=== Section Start ===
lemma adj_matrix_mult: "adj (A ** B) = adj B ** adj A"
  by (simp add: vec_eq_iff matrix_matrix_mult_nth mult.commute)

lemma hermitian_adj_mult_self: "adj (adj A ** A) = adj A ** A"
  by (simp add: adj_matrix_mult)

lemma unitary_mat_right_inverse: "unitary_mat U \<Longrightarrow> U ** adj U = mat 1"
  unfolding unitary_mat_def using matrix_left_right_inverse by blast

lemma unitary_mat_cancel:
  assumes "unitary_mat U"
  shows "adj U ** (U ** X) = X" "U ** (adj U ** X) = X"
  using assms unitary_mat_right_inverse[OF assms] unfolding unitary_mat_def
  by (simp_all add: matrix_mul_assoc)

lemma unitary_mat_1: "unitary_mat (mat 1)"
  by (simp add: unitary_mat_def)

lemma unitary_mat_mult: "unitary_mat U \<Longrightarrow> unitary_mat V \<Longrightarrow> unitary_mat (U ** V)"
  unfolding unitary_mat_def adj_matrix_mult by (metis matrix_mul_assoc matrix_mul_lid)

lemma diag_mat_nth [simp]: "diag_mat d $ i $ j = (if i = j then d i else 0)"
  by (simp add: diag_mat_def)

lemma matrix_mult_diag_mat_nth: "(X ** diag_mat d) $ i $ j = X $ i $ j * d j"
  by (simp add: matrix_matrix_mult_nth if_distrib if_distribR cong: if_cong)

lemma diag_mat_mult_nth: "(diag_mat d ** X) $ i $ j = d i * X $ i $ j"
  by (simp add: matrix_matrix_mult_nth if_distrib if_distribR cong: if_cong)

lemma diag_mat_vector_mult_nth: "(diag_mat d *v x) $ i = d i * x $ i"
  by (simp add: matrix_vector_mult_nth if_distrib if_distribR cong: if_cong)

lemma norm_vec_power2: "(norm x)^2 = (\<Sum>i\<in>UNIV. (norm (x $ i))^2)"
  by (simp add: norm_vec_def L2_set_def sum_nonneg)

lemma adj_mult_self_diag_nth: "(adj M ** M) $ j $ j = of_real (\<Sum>i\<in>UNIV. (cmod (M$i$j))^2)"
  unfolding matrix_matrix_mult_nth adj_nth of_real_sum
  by (rule sum.cong) (simp_all add: complex_norm_square mult.commute del: of_real_power)

lemma cinner_add_left: "cinner (x + y) z = cinner x z + cinner y z"
  by (simp add: cinner_def distrib_right sum.distrib)

lemma cinner_diff_left: "cinner (x - y) z = cinner x z - cinner y z"
  by (simp add: cinner_def left_diff_distrib sum_subtractf)

lemma cinner_scale_left: "cinner (c *s x) z = c * cinner x z"
  by (simp add: cinner_def sum_distrib_left mult_ac)

lemma cinner_matrix_vector_mult_left: "cinner (A *v x) y = cinner x (adj A *v y)"
proof -
  have "cinner (A *v x) y = (\<Sum>i\<in>UNIV. \<Sum>k\<in>UNIV. A$i$k * x$k * cnj (y$i))"
    unfolding cinner_def matrix_vector_mult_nth by (simp add: sum_distrib_right)
  also have "\<dots> = (\<Sum>k\<in>UNIV. \<Sum>i\<in>UNIV. A$i$k * x$k * cnj (y$i))"
    by (rule sum.swap)
  also have "\<dots> = cinner x (adj A *v y)"
    unfolding cinner_def matrix_vector_mult_nth by (simp add: sum_distrib_left cnj_sum mult_ac)
  finally show ?thesis .
qed

lemma cinner_self: "cinner x x = of_real ((norm x)^2)"
  unfolding cinner_def norm_vec_power2 of_real_sum
  by (rule sum.cong) (simp_all add: complex_norm_square del: of_real_power)

lemma cinner_diag_mat_self:
  "cinner (diag_mat (\<lambda>j. of_real (w j)) *v u) u = of_real (\<Sum>j\<in>UNIV. w j * (cmod (u$j))^2)"
  unfolding cinner_def of_real_sum diag_mat_vector_mult_nth
  by (rule sum.cong) (simp_all add: complex_norm_square mult.assoc del: of_real_power)

lemma cinner_Cauchy_Schwarz: "cmod (cinner x y) \<le> norm x * norm y"
proof -
  have "cmod (cinner x y) \<le> (\<Sum>i\<in>UNIV. \<bar>cmod (x$i)\<bar> * \<bar>cmod (y$i)\<bar>)"
    unfolding cinner_def by (rule order_trans[OF norm_sum]) (simp add: norm_mult)
  also have "\<dots> \<le> norm x * norm y"
    unfolding norm_vec_def by (rule L2_set_mult_ineq)
  finally show ?thesis .
qed

section \<open>The spectral theorem for Hermitian matrices\<close>

definition plane_rotation :: "'n \<Rightarrow> 'n \<Rightarrow> real \<Rightarrow> complex \<Rightarrow> complex^'n^'n" where
  "plane_rotation i j a z = (\<chi> p q. if q = i then (if p = i then of_real a else if p = j then z else 0)
     else if q = j then (if p = i then - cnj z else if p = j then of_real a else 0)
     else (if p = q then 1 else 0))"

lemma sum_supported_on_two_points:
  fixes h :: "'n::finite \<Rightarrow> 'a::comm_semiring_1"
  assumes "i \<noteq> j"
  shows "(\<Sum>p\<in>UNIV. (if p = i then \<alpha> else if p = j then \<beta> else 0) * h p) = \<alpha> * h i + \<beta> * h j"
    and "(\<Sum>p\<in>UNIV. h p * (if p = i then \<alpha> else if p = j then \<beta> else 0)) = h i * \<alpha> + h j * \<beta>"
proof -
  have "(\<Sum>p\<in>UNIV. (if p = i then \<alpha> else if p = j then \<beta> else 0) * h p)
      = (\<Sum>p\<in>UNIV. (if p = i then \<alpha> * h p else 0) + (if p = j then \<beta> * h p else 0))"
    by (rule sum.cong) (use assms in auto)
  then show "(\<Sum>p\<in>UNIV. (if p = i then \<alpha> else if p = j then \<beta> else 0) * h p) = \<alpha> * h i + \<beta> * h j"
    by (simp add: sum.distrib)
  then show "(\<Sum>p\<in>UNIV. h p * (if p = i then \<alpha> else if p = j then \<beta> else 0)) = h i * \<alpha> + h j * \<beta>"
    by (simp add: mult.commute)
qed

lemma plane_rotation_nth:
  assumes "i \<noteq> j"
  shows "plane_rotation i j a z $ p $ i = (if p = i then of_real a else if p = j then z else 0)"
    and "plane_rotation i j a z $ p $ j = (if p = i then - cnj z else if p = j then of_real a else 0)"
    and "k \<noteq> i \<Longrightarrow> k \<noteq> j \<Longrightarrow> plane_rotation i j a z $ p $ k = (if p = k then 1 else 0)"
  using assms by (simp_all add: plane_rotation_def)

lemma cnj_if_zero:
  "cnj (if p = i then \<alpha> else if p = j then \<beta> else 0) = (if p = i then cnj \<alpha> else if p = j then cnj \<beta> else 0)"
  "cnj (if p = k then 1 else 0) = (if p = k then 1 else 0)"
  by simp_all

lemma sum_unit_vector_mult:
  fixes h :: "'n::finite \<Rightarrow> 'a::comm_semiring_1"
  shows "(\<Sum>p\<in>UNIV. (if p = k then 1 else 0) * h p) = h k"
    and "(\<Sum>p\<in>UNIV. h p * (if p = k then 1 else 0)) = h k"
  by (simp_all add: if_distrib if_distribR cong: if_cong)

lemma unitary_mat_plane_rotation:
  assumes ij: "i \<noteq> j" and az: "a^2 + (cmod z)^2 = 1"
  shows "unitary_mat (plane_rotation i j a z)"
proof -
  have az': "complex_of_real a * complex_of_real a + cnj z * z = 1"
    using az by (metis complex_norm_square mult.commute of_real_add of_real_1 of_real_mult power2_eq_square)
  have "(\<Sum>p\<in>UNIV. cnj (plane_rotation i j a z $ p $ k) * plane_rotation i j a z $ p $ l) = mat 1 $ k $ l" for k l
  proof -
    have "k = i \<or> k = j \<or> k \<noteq> i \<and> k \<noteq> j" "l = i \<or> l = j \<or> l \<noteq> i \<and> l \<noteq> j"
      by blast+
    then show ?thesis
      using ij az' by (elim disjE conjE)
        (simp_all add: plane_rotation_nth[OF ij] cnj_if_zero sum_supported_on_two_points[OF ij]
          sum_unit_vector_mult mat_def algebra_simps)
  qed
  then show ?thesis
    by (simp add: unitary_mat_def vec_eq_iff matrix_matrix_mult_nth)
qed

definition weighted_trace :: "('n \<Rightarrow> real) \<Rightarrow> complex^'n^'n \<Rightarrow> real" where
  "weighted_trace c X = (\<Sum>k\<in>UNIV. c k * Re (X$k$k))"

lemma congruence_diag_nth:
  "(adj R ** B ** R) $ k $ k = (\<Sum>p\<in>UNIV. cnj (R$p$k) * (\<Sum>q\<in>UNIV. B$p$q * R$q$k))"
  by (simp add: matrix_matrix_mult_nth sum_distrib_left sum_distrib_right mult.assoc) (rule sum.swap)

lemma weighted_trace_plane_rotation_diff:
  assumes ij: "i \<noteq> j" and herm: "adj B = B" and az: "a^2 + (cmod z)^2 = 1"
  shows "weighted_trace c (adj (plane_rotation i j a z) ** B ** plane_rotation i j a z) - weighted_trace c B
     = (c i - c j) * ((cmod z)^2 * (Re (B$j$j) - Re (B$i$i)) + 2 * a * Re (z * B$i$j))"
proof -
  let ?C = "adj (plane_rotation i j a z) ** B ** plane_rotation i j a z"
  have a2: "a^2 = 1 - (cmod z)^2"
    using az by simp
  have Bji: "B$j$i = cnj (B$i$j)"
    using herm by (metis adj_nth)
  have zsq: "cmod z * cmod z = Re z * Re z + Im z * Im z"
    using cmod_power2[of z] by (simp add: power2_eq_square)
  have Cii: "Re (?C$i$i) = a^2 * Re (B$i$i) + (cmod z)^2 * Re (B$j$j) + 2 * a * Re (z * B$i$j)"
    using az
    by (simp only: congruence_diag_nth plane_rotation_nth[OF ij] cnj_if_zero sum_supported_on_two_points[OF ij])
      (simp add: Bji algebra_simps power2_eq_square zsq)
  have Cjj: "Re (?C$j$j) = (cmod z)^2 * Re (B$i$i) + a^2 * Re (B$j$j) - 2 * a * Re (z * B$i$j)"
    using az
    by (simp only: congruence_diag_nth plane_rotation_nth[OF ij] cnj_if_zero sum_supported_on_two_points[OF ij])
      (simp add: Bji algebra_simps power2_eq_square zsq)
  have Ckk: "?C$k$k = B$k$k" if "k \<noteq> i" "k \<noteq> j" for k
    using that by (simp add: congruence_diag_nth plane_rotation_nth[OF ij] cnj_if_zero sum_unit_vector_mult)
  have "weighted_trace c ?C - weighted_trace c B = (\<Sum>k\<in>UNIV. c k * (Re (?C$k$k) - Re (B$k$k)))"
    by (simp add: weighted_trace_def sum_subtractf right_diff_distrib)
  also have "\<dots> = (\<Sum>k\<in>UNIV. (if k = i then 1 else if k = j then 1 else 0) * (c k * (Re (?C$k$k) - Re (B$k$k))))"
    by (rule sum.cong) (auto simp: Ckk)
  also have "\<dots> = c i * (Re (?C$i$i) - Re (B$i$i)) + c j * (Re (?C$j$j) - Re (B$j$j))"
    by (simp add: sum_supported_on_two_points[OF ij])
  also have "\<dots> = (c i - c j) * ((cmod z)^2 * (Re (B$j$j) - Re (B$i$i)) + 2 * a * Re (z * B$i$j))"
    unfolding Cii Cjj a2 by (simp add: algebra_simps)
  finally show ?thesis .
qed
=== Section End ===
## INSTRUCTIONS FOR THE TASK
Using the material, count every line where the word "blast" appears and give only the number.

## EXERCISE RESPONSE
2